Beginning with Release 7.5.4 of standalone SUDAAN for PCs and release 7.5.5 of Standalone SUDAAN for Sun/Solaris, SUDAAN can directly read data files created by SAS in XPORT format, and can also write files in the SAS XPORT format. For both reading and writing these files simply use "FILETYPE=SASXPORT" on the PROC or OUTPUT statements. Note that the SASXPORT file type is the XPORT file type supported by SAS, which has been recently adopted by the FDA as a standard for data submissions. The structure of this file type is fully documented at SAS Institute's web site. This is an important new feature for users of Standalone SUDAAN who wish to use data from SAS or to do further analysis of SUDAAN results within SAS, since SAS no longer exports version 6.04 SAS data sets.

The SAS XPORT file format does not support the longer variable names and labels that are available in SAS beginning with Version 7. Within SAS you cannot write variables with long names and/or labels to an XPORT file. However in SUDAAN, you can do this since SUDAAN automatically creates a second file, also in XPORT format which links long and short forms of variable names and labels. On output to a SASXPORT file, SUDAAN truncates long variable names and labels in a unique way so that different variables always have distinct names up to the limit of 8 characters. Whenever there is any truncation, SUDAAN saves a separate data set, also in SASXPORT format, with records whose data link old and new variable names and labels. In addition, whether or not there are any long variable names or labels, SUDAAN takes preserves any labels associated with the variables in a separate SASXPORT file. This file has the same structure as a SAS format catalog which has been saved in XPORT format.

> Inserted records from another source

lemma PL_subset_commutator_subgroup: "PL n \<subseteq> commutator_subgroup (L n)"
proof
  fix A assume "A \<in> PL n"
  moreover obtain w where w: "w \<in> words n" "A = cls n w"
    using \<open>A \<in> PL n\<close> by (auto simp: PL_def kernel_def elim: carrier_LE)
  ultimately have "evenperm (perm_of_word w)"
    by (simp add: cls_in_PL_iff)
  with w show "A \<in> commutator_subgroup (L n)"
    by (simp add: evenperm_perm_of_word even_word_in_commutator_subgroup)
qed

section \<open>Endomorphisms induced by substitutions of words\<close>

definition relation_preserving :: "nat \<Rightarrow> (nat \<Rightarrow> nat list) \<Rightarrow> bool" where
  "relation_preserving n f \<longleftrightarrow>
     (\<forall>i \<in> {1..<n}. f i \<in> words n \<and> lconv n (f i @ f i) []) \<and>
     (\<forall>i. 1 \<le> i \<and> i + 1 < n \<longrightarrow> lconv n (f i @ f (i+1) @ f i) (f (i+1) @ f i @ f (i+1)))"

definition subst_map :: "nat \<Rightarrow> (nat \<Rightarrow> nat list) \<Rightarrow> nat list set \<Rightarrow> nat list set" where
  "subst_map n f A = cls n (concat (map f (rep A)))"

lemma lconv_concat_map:
  assumes f: "relation_preserving n f" and "lconv n u v"
  shows "lconv n (concat (map f u)) (concat (map f v))"
  using assms(2)
proof (induction rule: rtranclp_induct)
  case (step v w)
  let ?F = "\<lambda>w. concat (map f w)"
  from step.hyps(2) have "lconv n (?F v) (?F w)"
  proof (cases rule: lstep_cases)
    case (cancel a b i)
    then show ?thesis
      using f lconv_append_context[of n "f i @ f i" "[]" "?F a" "?F b"]
      by (simp add: relation_preserving_def)
  next
    case (uncancel a b i)
    then show ?thesis
      using f lconv_sym[OF lconv_append_context[of n "f i @ f i" "[]" "?F a" "?F b"]]
      by (simp add: relation_preserving_def)
  next
    case (braid a b i)
    let ?r = "f i @ f (i+1) @ f i" and ?s = "f (i+1) @ f i @ f (i+1)"
    show ?thesis
      using braid f lconv_append_context[of n ?r ?s "?F a" "?F b"]
      by (simp add: relation_preserving_def)
  next
    case (unbraid a b i)
    let ?r = "f i @ f (i+1) @ f i" and ?s = "f (i+1) @ f i @ f (i+1)"
    show ?thesis
      using unbraid f lconv_sym[OF lconv_append_context[of n ?r ?s "?F a" "?F b"]]
      by (simp add: relation_preserving_def)
  qed
  with step.IH show ?case
    by (rule rtranclp_trans)
qed simp

lemma concat_map_in_words:
  "relation_preserving n f \<Longrightarrow> w \<in> words n \<Longrightarrow> concat (map f w) \<in> words n"
  by (induction w) (auto simp: relation_preserving_def)

lemma subst_map_cls:
  assumes "relation_preserving n f" "w \<in> words n"
  shows "subst_map n f (cls n w) = cls n (concat (map f w))"
  unfolding subst_map_def using assms rep_cls[OF assms(2)]
  by (intro cls_eqI concat_map_in_words lconv_concat_map)

lemma subst_map_hom:
  assumes "relation_preserving n f"
  shows "subst_map n f \<in> hom (L n) (L n)"
proof (rule homI)
  fix A assume "A \<in> carrier (L n)"
  then show "subst_map n f A \<in> carrier (L n)"
    using assms by (elim carrier_LE) (simp add: subst_map_cls concat_map_in_words)
next
  fix A B assume "A \<in> carrier (L n)" "B \<in> carrier (L n)"
  then show "subst_map n f (A \<otimes>\<^bsub>L n\<^esub> B) = subst_map n f A \<otimes>\<^bsub>L n\<^esub> subst_map n f B"
    using assms by (elim carrier_LE) (simp add: subst_map_cls concat_map_in_words mult_cls)
qed

lemma subst_map_iso:
  assumes f: "relation_preserving n f"
    and involutive: "\<And>i. i \<in> {1..<n} \<Longrightarrow> lconv n (concat (map f (f i))) [i]"
  shows "subst_map n f \<in> iso (L n) (L n)"
proof -
  let ?F = "\<lambda>w. concat (map f w)"
  have twice: "lconv n (?F (?F w)) w" if "w \<in> words n" for w
    using that
  proof (induction w)
    case (Cons i w)
    then have "lconv n (?F (f i) @ ?F (?F w)) ([i] @ w)"
      by (intro lconv_append involutive) simp_all
    then show ?case
      by simp
  qed simp
  have "subst_map n f (subst_map n f A) = A" if A: "A \<in> carrier (L n)" for A
  proof -
    obtain w where w: "w \<in> words n" "A = cls n w"
      using A by (rule carrier_LE)
    then have "subst_map n f (subst_map n f A) = cls n (?F (?F w))"
      using f by (simp add: subst_map_cls concat_map_in_words)
    also have "\<dots> = A"
      using w f by (simp only:) (intro cls_eqI twice concat_map_in_words)
    finally show ?thesis .
  qed
  moreover have "subst_map n f A \<in> carrier (L n)" if "A \<in> carrier (L n)" for A
    using that subst_map_hom[OF f] by (simp add: hom_def Pi_iff)
  ultimately show ?thesis
    by (intro isoI subst_map_hom[OF f] bij_betw_byWitness[where f' = "subst_map n f"]) auto
qed

definition flip_letter :: "nat \<Rightarrow> nat list" where
  "flip_letter i = (if i = 1 then [2, 1, 2] else [i])"

lemma lconv_double_conjugation:
  assumes "3 \<le> n"
  shows "lconv n [2, 2, 1, 2, 2] [1]"
proof -
  have "lconv n [2, 2, 1, 2, 2] [1, 2, 2]"
    using lconv_cancel[of 2 n "[]" "[1, 2, 2]"] assms by simp
  also have "lconv n \<dots> [1]"
    using lconv_cancel[of 2 n "[1]" "[]"] assms by simp
  finally show ?thesis .
qed

lemma relation_preserving_flip_letter:
  assumes "3 \<le> n"
  shows "relation_preserving n flip_letter"
  unfolding relation_preserving_def
proof (intro conjI ballI allI impI)
  fix i assume i: "i \<in> {1..<n}"
  then show "flip_letter i \<in> words n"
    using assms by (auto simp: flip_letter_def)
  show "lconv n (flip_letter i @ flip_letter i) []"
  proof (cases "i = 1")
    case True
    have "lconv n [2, 1, 2, 2, 1, 2] [2, 1, 1, 2]"
      using lconv_cancel[of 2 n "[2, 1]" "[1, 2]"] assms by simp
    also have "lconv n \<dots> [2, 2]"
      using lconv_cancel[of 1 n "[2]" "[2]"] assms by simp
    also have "lconv n \<dots> []"
      using lconv_cancel[of 2 n "[]" "[]"] assms by simp
    finally show ?thesis
      using True by (simp add: flip_letter_def)
  next
    case False
    then show ?thesis
      using i lconv_cancel[of i n "[]" "[]"] by (simp add: flip_letter_def)
  qed
next
  fix i assume i: "1 \<le> i \<and> i + 1 < n"
  show "lconv n (flip_letter i @ flip_letter (i+1) @ flip_letter i)
      (flip_letter (i+1) @ flip_letter i @ flip_letter (i+1))"
  proof (cases "i = 1")
    case True
    have "lconv n [2, 1, 2, 2, 2, 1, 2] [2, 1, 2, 1, 2]"
      using lconv_cancel[of 2 n "[2, 1]" "[2, 1, 2]"] assms by simp
    also have "lconv n \<dots> [1, 2, 1, 1, 2]"
      using lconv_sym[OF lconv_braid[of 1 n "[]" "[1, 2]"]] assms by (simp add: numeral_2_eq_2)
    also have "lconv n \<dots> [1, 2, 2]"
      using lconv_cancel[of 1 n "[1, 2]" "[2]"] assms by simp
    also have "lconv n \<dots> [1]"
      using lconv_cancel[of 2 n "[1]" "[]"] assms by simp
    also have "lconv n \<dots> [2, 2, 1, 2, 2]"
      using lconv_sym[OF lconv_double_conjugation] assms .
    finally show ?thesis
      using True by (simp add: flip_letter_def numeral_2_eq_2)
  next
    case False
    then show ?thesis
      using i lconv_braid[of i n "[]" "[]"] by (simp add: flip_letter_def)
  qed
qed

lemma flip_letter_iso:
  assumes "3 \<le> n"
  shows "subst_map n flip_letter \<in> iso (L n) (L n)"
proof (rule subst_map_iso[OF relation_preserving_flip_letter[OF assms]])
  fix i assume "i \<in> {1..<n}"
  then show "lconv n (concat (map flip_letter (flip_letter i))) [i]"
    using lconv_double_conjugation[OF assms] by (auto simp: flip_letter_def)
qed

lemma PL_not_characteristic:
  assumes "4 \<le> n"
  shows "\<not> characteristic (PL n) (L n)"
proof
  assume "characteristic (PL n) (L n)"
  then have invariant: "subst_map n flip_letter ` PL n = PL n"
    using flip_letter_iso assms unfolding characteristic_def by auto
  have words: "[1, 3, 1, 3] \<in> words n"
    using assms by simp
  then have "cls n [1, 3, 1, 3] \<in> PL n"
    by (simp add: cls_in_PL_iff fun_eq_iff transpose_def)
  then have "subst_map n flip_letter (cls n [1, 3, 1, 3]) \<in> PL n"
    using invariant by blast
  then have "cls n [2, 1, 2, 3, 2, 1, 2, 3] \<in> PL n"
    using words assms relation_preserving_flip_letter[of n]
    by (simp add: subst_map_cls flip_letter_def)
  then have "perm_of_word [2, 1, 2, 3, 2, 1, 2, 3] = id"
    using assms by (simp add: cls_in_PL_iff)
  then have "perm_of_word [2, 1, 2, 3, 2, 1, 2, 3] 4 = 4"
    by simp
  then show False
    by (simp add: transpose_def)
qed

theorem proposition5p1:
  shows "(\<forall>n::nat. n \<ge> 2 \<longrightarrow> PL n \<subseteq> derived (L n) (carrier (L n)))
       \<and> (\<forall>n::nat. n \<ge> 4 \<longrightarrow> \<not> characteristic (PL n) (L n))"
  using PL_subset_commutator_subgroup PL_not_characteristic by blast

end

This means that SAS users can easily import their labels from SUDAAN into SAS along with their data.

To support these changes, two new options are now available on both the PROC and OUTPUT statements when FILETYPE=SASXPORT is used:

NAMEFILE=filename
 

On the PROC statement use this parameter to specify the name of a file containing records associating long variable names and labels with their shortened versions on an input file in SASXPORT format. If this parameter is not supplied, SUDAAN will look for a file named . If SUDAAN cannot find a name file, whether the name is supplied explicitly or by default, or if the (long) variables used within the SUDAAN program are not on the given name file, then SUDAAN will not recognize them when reading the main data file in SASXPORT format.

On the OUTPUT statement use this parameter to specify the name of a file in SASXPORT format to contain any records associating long variable names and labels with their shortened versions on the main output file. If this parameter is not supplied, and there are one or more variable names or labels which have to be truncated, SUDAAN will use the name NAMEFILE.STX. Note, however, that in no case will SUDAAN overwrite a file already using the specified filename unless the REPLACE option is present on the OUTPUT statement.

LEVFILE=filename
 

On the PROC statement use this parameter to specify the name of a file containing records with SAS-style format information. If this parameter is not supplied, SUDAAN will look for a file named LEVFILE.STX. If SUDAAN cannot find a level file, whether the name is supplied explicitly or by default, then SUDAAN will not be able to use formats named on FORMAT statements within your SUDAAN program.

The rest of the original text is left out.